What you have to do: Using the entries that follow, collect the lines where the word "ultimately" appears.

(Extracted data entries)
►
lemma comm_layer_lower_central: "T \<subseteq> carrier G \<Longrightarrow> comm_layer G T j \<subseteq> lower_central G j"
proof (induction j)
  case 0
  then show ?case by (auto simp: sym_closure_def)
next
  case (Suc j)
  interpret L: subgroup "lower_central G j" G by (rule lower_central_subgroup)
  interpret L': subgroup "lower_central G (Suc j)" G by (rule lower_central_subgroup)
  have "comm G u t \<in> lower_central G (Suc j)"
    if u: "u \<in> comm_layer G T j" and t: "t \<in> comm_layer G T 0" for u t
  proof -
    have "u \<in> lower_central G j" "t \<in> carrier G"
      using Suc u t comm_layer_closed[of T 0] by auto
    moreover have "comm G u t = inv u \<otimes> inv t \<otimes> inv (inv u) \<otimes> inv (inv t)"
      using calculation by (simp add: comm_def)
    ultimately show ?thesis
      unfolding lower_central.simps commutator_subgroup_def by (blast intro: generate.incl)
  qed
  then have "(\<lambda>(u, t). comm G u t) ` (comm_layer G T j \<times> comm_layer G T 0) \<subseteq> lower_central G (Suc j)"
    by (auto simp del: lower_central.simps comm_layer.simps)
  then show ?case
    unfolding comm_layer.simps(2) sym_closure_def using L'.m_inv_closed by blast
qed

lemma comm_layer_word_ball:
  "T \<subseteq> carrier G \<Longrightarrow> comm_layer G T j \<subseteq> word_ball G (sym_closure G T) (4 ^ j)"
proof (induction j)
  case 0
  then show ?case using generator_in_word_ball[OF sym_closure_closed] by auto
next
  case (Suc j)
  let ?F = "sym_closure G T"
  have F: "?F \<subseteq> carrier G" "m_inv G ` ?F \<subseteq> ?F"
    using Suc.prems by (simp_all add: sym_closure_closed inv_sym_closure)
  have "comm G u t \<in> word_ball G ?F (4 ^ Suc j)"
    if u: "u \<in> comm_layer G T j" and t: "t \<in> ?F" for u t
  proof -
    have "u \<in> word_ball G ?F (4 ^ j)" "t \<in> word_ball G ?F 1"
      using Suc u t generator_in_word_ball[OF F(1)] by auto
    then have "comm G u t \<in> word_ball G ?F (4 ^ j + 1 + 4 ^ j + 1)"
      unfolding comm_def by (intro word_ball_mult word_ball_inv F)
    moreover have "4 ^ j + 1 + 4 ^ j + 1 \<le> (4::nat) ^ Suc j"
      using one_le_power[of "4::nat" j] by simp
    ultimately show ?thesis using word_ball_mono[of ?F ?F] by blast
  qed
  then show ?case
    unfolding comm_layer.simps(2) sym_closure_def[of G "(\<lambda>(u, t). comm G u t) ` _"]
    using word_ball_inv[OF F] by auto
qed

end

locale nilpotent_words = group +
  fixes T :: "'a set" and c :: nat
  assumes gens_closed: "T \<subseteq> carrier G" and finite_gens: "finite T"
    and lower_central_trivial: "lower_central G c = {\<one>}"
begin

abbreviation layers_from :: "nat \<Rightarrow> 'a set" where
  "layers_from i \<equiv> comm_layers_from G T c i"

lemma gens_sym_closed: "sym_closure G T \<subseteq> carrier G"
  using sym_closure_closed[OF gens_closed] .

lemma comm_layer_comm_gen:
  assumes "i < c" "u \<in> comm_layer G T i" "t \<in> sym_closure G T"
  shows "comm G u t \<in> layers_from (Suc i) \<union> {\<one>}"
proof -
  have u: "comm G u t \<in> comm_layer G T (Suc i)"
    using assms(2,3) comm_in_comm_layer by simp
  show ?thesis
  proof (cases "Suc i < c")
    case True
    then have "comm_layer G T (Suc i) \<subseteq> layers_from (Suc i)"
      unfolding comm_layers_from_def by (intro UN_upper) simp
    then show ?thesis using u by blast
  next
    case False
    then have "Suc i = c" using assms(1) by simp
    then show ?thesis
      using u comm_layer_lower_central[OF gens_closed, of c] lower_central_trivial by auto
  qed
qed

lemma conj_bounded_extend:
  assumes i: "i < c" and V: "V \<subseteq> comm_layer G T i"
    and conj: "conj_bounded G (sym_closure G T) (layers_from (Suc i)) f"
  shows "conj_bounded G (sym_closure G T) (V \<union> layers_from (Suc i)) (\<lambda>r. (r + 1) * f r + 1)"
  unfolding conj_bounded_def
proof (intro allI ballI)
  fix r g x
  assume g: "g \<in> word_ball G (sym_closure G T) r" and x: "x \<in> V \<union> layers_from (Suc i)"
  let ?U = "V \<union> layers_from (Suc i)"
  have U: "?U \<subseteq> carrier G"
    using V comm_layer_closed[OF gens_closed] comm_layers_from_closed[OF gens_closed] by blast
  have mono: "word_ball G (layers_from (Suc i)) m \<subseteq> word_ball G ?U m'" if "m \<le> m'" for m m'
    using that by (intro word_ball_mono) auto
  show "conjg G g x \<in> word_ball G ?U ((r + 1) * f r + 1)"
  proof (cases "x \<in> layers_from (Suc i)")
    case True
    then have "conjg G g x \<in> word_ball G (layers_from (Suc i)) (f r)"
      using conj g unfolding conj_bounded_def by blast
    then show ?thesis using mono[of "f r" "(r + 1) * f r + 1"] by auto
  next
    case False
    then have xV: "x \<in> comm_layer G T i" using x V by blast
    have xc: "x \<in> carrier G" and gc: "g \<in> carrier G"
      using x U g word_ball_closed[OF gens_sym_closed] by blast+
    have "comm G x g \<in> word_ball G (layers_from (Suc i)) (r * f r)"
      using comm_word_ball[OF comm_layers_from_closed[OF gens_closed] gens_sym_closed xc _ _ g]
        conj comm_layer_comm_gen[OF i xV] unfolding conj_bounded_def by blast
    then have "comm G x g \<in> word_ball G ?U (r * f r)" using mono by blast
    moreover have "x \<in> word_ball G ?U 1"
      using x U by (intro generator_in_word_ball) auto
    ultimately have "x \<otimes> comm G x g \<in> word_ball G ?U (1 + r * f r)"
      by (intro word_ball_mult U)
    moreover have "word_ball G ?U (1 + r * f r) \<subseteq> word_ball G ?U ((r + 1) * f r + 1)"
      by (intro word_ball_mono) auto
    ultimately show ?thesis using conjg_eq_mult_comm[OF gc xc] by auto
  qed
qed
◄
Output of the task:
    ultimately show ?thesis
    ultimately show ?thesis using word_ball_mono[of ?F ?F] by blast
    ultimately have "x \<otimes> comm G x g \<in> word_ball G ?U (1 + r * f r)"
    ultimately show ?thesis using conjg_eq_mult_comm[OF gc xc] by auto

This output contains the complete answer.